**WHAT YOU NEED TO DO:** Using the listing below, report each line holding the string "infty".

----

(* In type $C_\infty$, let $b\ge1$ and $\nu=(\mu_1,\mu_2,\nu_1,\dots,\nu_b)\in I^{b+2}$. Then \[\psi_{b+1}\Psi[2,b]e(\nu)=\Psi[2,b]\psi_1e(\nu)+\sum_{k=1}^b\Psi_2(k,2,b-k)\,c_k\,\Psi[2,k-1]e(\nu),\] where $c_k=x_k+x_{k+2}$ if $(\mu_1,\mu_2,\nu_k)=(1,0,1)$, $c_k=1$ if $(\mu_1,\mu_2,\nu_k)=(i,i\pm1,i)$ for some $i$ with $\mu_2\ne0$, and $c_k=0$ otherwise.
   Context: Type $C_\infty$: $I=\mathbb Z_{\ge0}$. Quiver Hecke algebra with $Q_{ii}=0$, $Q_{ji}(u,v)=Q_{ij}(v,u)$, for $i<j$: $Q_{01}=u+v^2$, $Q_{i,i+1}=u+v$ ($i\ge1$), else $1$; standard relations $\psi_re(\nu)=e(s_r\nu)\psi_r$, $x_r\psi_re(\nu)=(\psi_rx_{r+1}-\delta_{\nu_r\nu_{r+1}})e(\nu)$, $x_{r+1}\psi_re(\nu)=(\psi_rx_r+\delta_{\nu_r\nu_{r+1}})e(\nu)$, $\psi_r^2e(\nu)=Q_{\nu_r\nu_{r+1}}(x_r,x_{r+1})e(\nu)$, distant commutation, and $(\psi_{r+1}\psi_r\psi_{r+1}-\psi_r\psi_{r+1}\psi_r)e(\nu)=\delta_{\nu_r\nu_{r+2}}\frac{Q_{\nu_r\nu_{r+1}}(x_r,x_{r+1})-Q_{\nu_r\nu_{r+1}}(x_{r+2},x_{r+1})}{x_r-x_{r+2}}e(\nu)$. For $a,b\ge0$, $w[a,b]\in\mathfrak S_n$ maps $x\mapsto x+b$ ($1\le x\le a$), $x\mapsto x-a$ ($a<x\le a+b$), and fixes $x>a+b$; it is fully commutative with reduced expression $(s_b\cdots s_1)(s_{b+1}\cdots s_2)\cdots(s_{a+b-1}\cdots s_a)$. For $c\ge0$, $S_2(c,a,b)$ is obtained from this reduced expression by replacing each $s_i$ with $s_{i+c}$; $\Psi_2(c,a,b)$ is the corresponding product of $\psi$'s (well defined), and $\Psi[a,b]=\Psi_2(0,a,b)$; in particular $\Psi[2,0]=1$. *)

theory Defs
  imports Main
begin

text \<open>Quiver Hecke algebra of type C-infinity, index set I = nat.
  Sequences nu in I^n are lists of length n; entry nu_r (1-based) is nu ! (r - 1).
  Generators: e nu (idempotents), x r (1 <= r <= n), psi r (1 <= r < n), in a ring 'a.\<close>

text \<open>The action of the simple transposition s_r on a sequence (positions r, r+1, 1-based).\<close>
definition klr_swap :: "nat \<Rightarrow> nat list \<Rightarrow> nat list" where
  "klr_swap r nu = nu[r - 1 := nu ! r, r := nu ! (r - 1)]"

definition klr_Qlt :: "nat \<Rightarrow> nat \<Rightarrow> 'a::ring_1 \<Rightarrow> 'a \<Rightarrow> 'a" where
  "klr_Qlt i j u v =
     (if i = 0 \<and> j = 1 then u + v ^ 2 else if j = i + 1 then u + v else 1)"

definition klr_Q :: "nat \<Rightarrow> nat \<Rightarrow> 'a::ring_1 \<Rightarrow> 'a \<Rightarrow> 'a" where
  "klr_Q i j u v =
     (if i = j then 0 else if i < j then klr_Qlt i j u v else klr_Qlt j i v u)"

text \<open>The divided difference (Q_ij(u,v) - Q_ij(w,v)) / (u - w), as a polynomial in u, v, w,
  written out explicitly (see the sanity lemma klr_dd_correct below).\<close>
definition klr_dd :: "nat \<Rightarrow> nat \<Rightarrow> 'a::ring_1 \<Rightarrow> 'a \<Rightarrow> 'a \<Rightarrow> 'a" where
  "klr_dd i j u v w =
     (if i = j then 0
      else if i < j then (if (i = 0 \<and> j = 1) \<or> j = i + 1 then 1 else 0)
      else (if j = 0 \<and> i = 1 then u + w else if i = j + 1 then 1 else 0))"

lemma klr_dd_correct:
  fixes u v w :: "'a::comm_ring_1"
  shows "(u - w) * klr_dd i j u v w = klr_Q i j u v - klr_Q i j w v"
  by (auto simp: klr_dd_def klr_Q_def klr_Qlt_def algebra_simps power2_eq_square)

definition is_klr_Cinf ::
  "nat \<Rightarrow> (nat list \<Rightarrow> 'a::ring_1) \<Rightarrow> (nat \<Rightarrow> 'a) \<Rightarrow> (nat \<Rightarrow> 'a) \<Rightarrow> bool" where
  "is_klr_Cinf n e x psi \<longleftrightarrow>
    (\<forall>nu nu'. length nu = n \<longrightarrow> length nu' = n \<longrightarrow>
        e nu * e nu' = (if nu = nu' then e nu else 0)) \<and>
    (\<forall>nu r. length nu = n \<longrightarrow> 1 \<le> r \<longrightarrow> r \<le> n \<longrightarrow> x r * e nu = e nu * x r) \<and>
    (\<forall>r s. 1 \<le> r \<longrightarrow> r \<le> n \<longrightarrow> 1 \<le> s \<longrightarrow> s \<le> n \<longrightarrow> x r * x s = x s * x r) \<and>
    (\<forall>nu r. length nu = n \<longrightarrow> 1 \<le> r \<longrightarrow> r < n \<longrightarrow>
        psi r * e nu = e (klr_swap r nu) * psi r) \<and>
    (\<forall>nu r. length nu = n \<longrightarrow> 1 \<le> r \<longrightarrow> r < n \<longrightarrow>
        x r * psi r * e nu
          = psi r * x (r + 1) * e nu - (if nu ! (r - 1) = nu ! r then e nu else 0)) \<and>
    (\<forall>nu r. length nu = n \<longrightarrow> 1 \<le> r \<longrightarrow> r < n \<longrightarrow>
        x (r + 1) * psi r * e nu
          = psi r * x r * e nu + (if nu ! (r - 1) = nu ! r then e nu else 0)) \<and>
    (\<forall>nu r. length nu = n \<longrightarrow> 1 \<le> r \<longrightarrow> r < n \<longrightarrow>
        psi r * psi r * e nu = klr_Q (nu ! (r - 1)) (nu ! r) (x r) (x (r + 1)) * e nu) \<and>
    (\<forall>r s. 1 \<le> r \<longrightarrow> r < n \<longrightarrow> 1 \<le> s \<longrightarrow> s \<le> n \<longrightarrow> s \<noteq> r \<longrightarrow> s \<noteq> r + 1 \<longrightarrow>
        psi r * x s = x s * psi r) \<and>
    (\<forall>r s. 1 \<le> r \<longrightarrow> r < n \<longrightarrow> 1 \<le> s \<longrightarrow> s < n \<longrightarrow> (r + 1 < s \<or> s + 1 < r) \<longrightarrow>
        psi r * psi s = psi s * psi r) \<and>
    (\<forall>nu r. length nu = n \<longrightarrow> 1 \<le> r \<longrightarrow> r + 1 < n \<longrightarrow>
        (psi (r + 1) * psi r * psi (r + 1) - psi r * psi (r + 1) * psi r) * e nu
          = (if nu ! (r - 1) = nu ! (r + 1)
             then klr_dd (nu ! (r - 1)) (nu ! r) (x r) (x (r + 1)) (x (r + 2)) * e nu
             else 0))"

text \<open>Reduced word of S_2(c,a,b): (s_{b+c} ... s_{1+c})(s_{b+1+c} ... s_{2+c}) ... (s_{a+b-1+c} ... s_{a+c}).\<close>
definition klr_word :: "nat \<Rightarrow> nat \<Rightarrow> nat \<Rightarrow> nat list" where
  "klr_word c a b = concat (map (\<lambda>j. rev [j + c..<j + c + b]) [1..<a + 1])"

definition Psi2 :: "(nat \<Rightarrow> 'a::monoid_mult) \<Rightarrow> nat \<Rightarrow> nat \<Rightarrow> nat \<Rightarrow> 'a" where
  "Psi2 psi c a b = prod_list (map psi (klr_word c a b))"

lemma "klr_word 0 2 3 = [3,2,1,4,3,2]" by (simp add: klr_word_def upt_rec)

end

theory Submission
  imports Defs
begin

text \<open>Write \<open>P\<^sub>b = \<Psi>[2,b]\<close>. Splitting off the first two letters of its reduced word gives
  \<open>P\<^sub>b\<^sub>+\<^sub>1 = \<psi>\<^sub>b\<^sub>+\<^sub>1 \<psi>\<^sub>b\<^sub>+\<^sub>2 P\<^sub>b\<close>, so \<open>\<psi>\<^sub>b\<^sub>+\<^sub>2 P\<^sub>b\<^sub>+\<^sub>1\<close> starts with the braid word
  \<open>\<psi>\<^sub>b\<^sub>+\<^sub>2 \<psi>\<^sub>b\<^sub>+\<^sub>1 \<psi>\<^sub>b\<^sub>+\<^sub>2\<close>. Moving \<open>e(\<nu>)\<close> through \<open>P\<^sub>b\<close> turns it into \<open>e(w[2,b]\<nu>)\<close>, whose
  strands \<open>b+1, b+2, b+3\<close> carry \<open>\<mu>\<^sub>1, \<mu>\<^sub>2, \<nu>\<^sub>b\<^sub>+\<^sub>1\<close>; the braid relation there produces
  \<open>\<psi>\<^sub>b\<^sub>+\<^sub>1 \<psi>\<^sub>b\<^sub>+\<^sub>2 \<psi>\<^sub>b\<^sub>+\<^sub>1 P\<^sub>b\<close> plus the error term \<open>c\<^sub>b\<^sub>+\<^sub>1 P\<^sub>b\<close>. Induction on \<open>b\<close> applied to
  \<open>\<psi>\<^sub>b\<^sub>+\<^sub>1 P\<^sub>b\<close> does the rest, since \<open>\<psi>\<^sub>b\<^sub>+\<^sub>1 \<psi>\<^sub>b\<^sub>+\<^sub>2 \<Psi>\<^sub>2(k,2,b-k) = \<Psi>\<^sub>2(k,2,b+1-k)\<close>.\<close>

lemma length_klr_swap [simp]: "length (klr_swap r nu) = length nu"
  by (simp add: klr_swap_def)

lemma length_foldr_klr_swap [simp]: "length (foldr klr_swap ws nu) = length nu"
  by (induction ws) auto

lemma nth_klr_swap:
  assumes "1 \<le> r" "r < length nu" "i < length nu"
  shows "klr_swap r nu ! i = (if i = r - 1 then nu ! r else if i = r then nu ! (r - 1) else nu ! i)"
  using assms by (auto simp: klr_swap_def nth_list_update)

lemma nth_foldr_klr_swap_cycle:
  assumes "1 \<le> j" "j + m \<le> length nu" "i < length nu"
  shows "foldr klr_swap (rev [j..<j + m]) nu ! i =
     (if i < j - 1 then nu ! i else if i < j + m - 1 then nu ! (i + 1)
      else if i = j + m - 1 then nu ! (j - 1) else nu ! i)"
  using assms
proof (induction m arbitrary: i)
  case 0
  then show ?case by auto
next
  case (Suc m)
  let ?L = "foldr klr_swap (rev [j..<j + m]) nu"
  have step: "foldr klr_swap (rev [j..<j + Suc m]) nu = klr_swap (j + m) ?L"
    by simp
  have IH: "?L ! i = (if i < j - 1 then nu ! i else if i < j + m - 1 then nu ! (i + 1)
      else if i = j + m - 1 then nu ! (j - 1) else nu ! i)"
    using Suc by simp
  consider "i = j + m - 1" | "i = j + m" | "i \<noteq> j + m - 1" "i \<noteq> j + m"
    by blast
  then show ?case
  proof cases
    case 1
    moreover have "?L ! (j + m) = nu ! (j + m)"
      using Suc by auto
    ultimately show ?thesis
      unfolding step using Suc.prems by (auto simp: nth_klr_swap)
  next
    case 2
    moreover have "?L ! (j + m - 1) = nu ! (j - 1)"
      using Suc by auto
    ultimately show ?thesis
      unfolding step using Suc.prems by (auto simp: nth_klr_swap)
  next
    case 3
    then show ?thesis
      unfolding step using Suc.prems IH by (auto simp: nth_klr_swap)
  qed
qed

----

**ANSWER BELOW:**
(* In type $C_\infty$, let $b\ge1$ and $\nu=(\mu_1,\mu_2,\nu_1,\dots,\nu_b)\in I^{b+2}$. Then \[\psi_{b+1}\Psi[2,b]e(\nu)=\Psi[2,b]\psi_1e(\nu)+\sum_{k=1}^b\Psi_2(k,2,b-k)\,c_k\,\Psi[2,k-1]e(\nu),\] where $c_k=x_k+x_{k+2}$ if $(\mu_1,\mu_2,\nu_k)=(1,0,1)$, $c_k=1$ if $(\mu_1,\mu_2,\nu_k)=(i,i\pm1,i)$ for some $i$ with $\mu_2\ne0$, and $c_k=0$ otherwise.
   Context: Type $C_\infty$: $I=\mathbb Z_{\ge0}$. Quiver Hecke algebra with $Q_{ii}=0$, $Q_{ji}(u,v)=Q_{ij}(v,u)$, for $i<j$: $Q_{01}=u+v^2$, $Q_{i,i+1}=u+v$ ($i\ge1$), else $1$; standard relations $\psi_re(\nu)=e(s_r\nu)\psi_r$, $x_r\psi_re(\nu)=(\psi_rx_{r+1}-\delta_{\nu_r\nu_{r+1}})e(\nu)$, $x_{r+1}\psi_re(\nu)=(\psi_rx_r+\delta_{\nu_r\nu_{r+1}})e(\nu)$, $\psi_r^2e(\nu)=Q_{\nu_r\nu_{r+1}}(x_r,x_{r+1})e(\nu)$, distant commutation, and $(\psi_{r+1}\psi_r\psi_{r+1}-\psi_r\psi_{r+1}\psi_r)e(\nu)=\delta_{\nu_r\nu_{r+2}}\frac{Q_{\nu_r\nu_{r+1}}(x_r,x_{r+1})-Q_{\nu_r\nu_{r+1}}(x_{r+2},x_{r+1})}{x_r-x_{r+2}}e(\nu)$. For $a,b\ge0$, $w[a,b]\in\mathfrak S_n$ maps $x\mapsto x+b$ ($1\le x\le a$), $x\mapsto x-a$ ($a<x\le a+b$), and fixes $x>a+b$; it is fully commutative with reduced expression $(s_b\cdots s_1)(s_{b+1}\cdots s_2)\cdots(s_{a+b-1}\cdots s_a)$. For $c\ge0$, $S_2(c,a,b)$ is obtained from this reduced expression by replacing each $s_i$ with $s_{i+c}$; $\Psi_2(c,a,b)$ is the corresponding product of $\psi$'s (well defined), and $\Psi[a,b]=\Psi_2(0,a,b)$; in particular $\Psi[2,0]=1$. *)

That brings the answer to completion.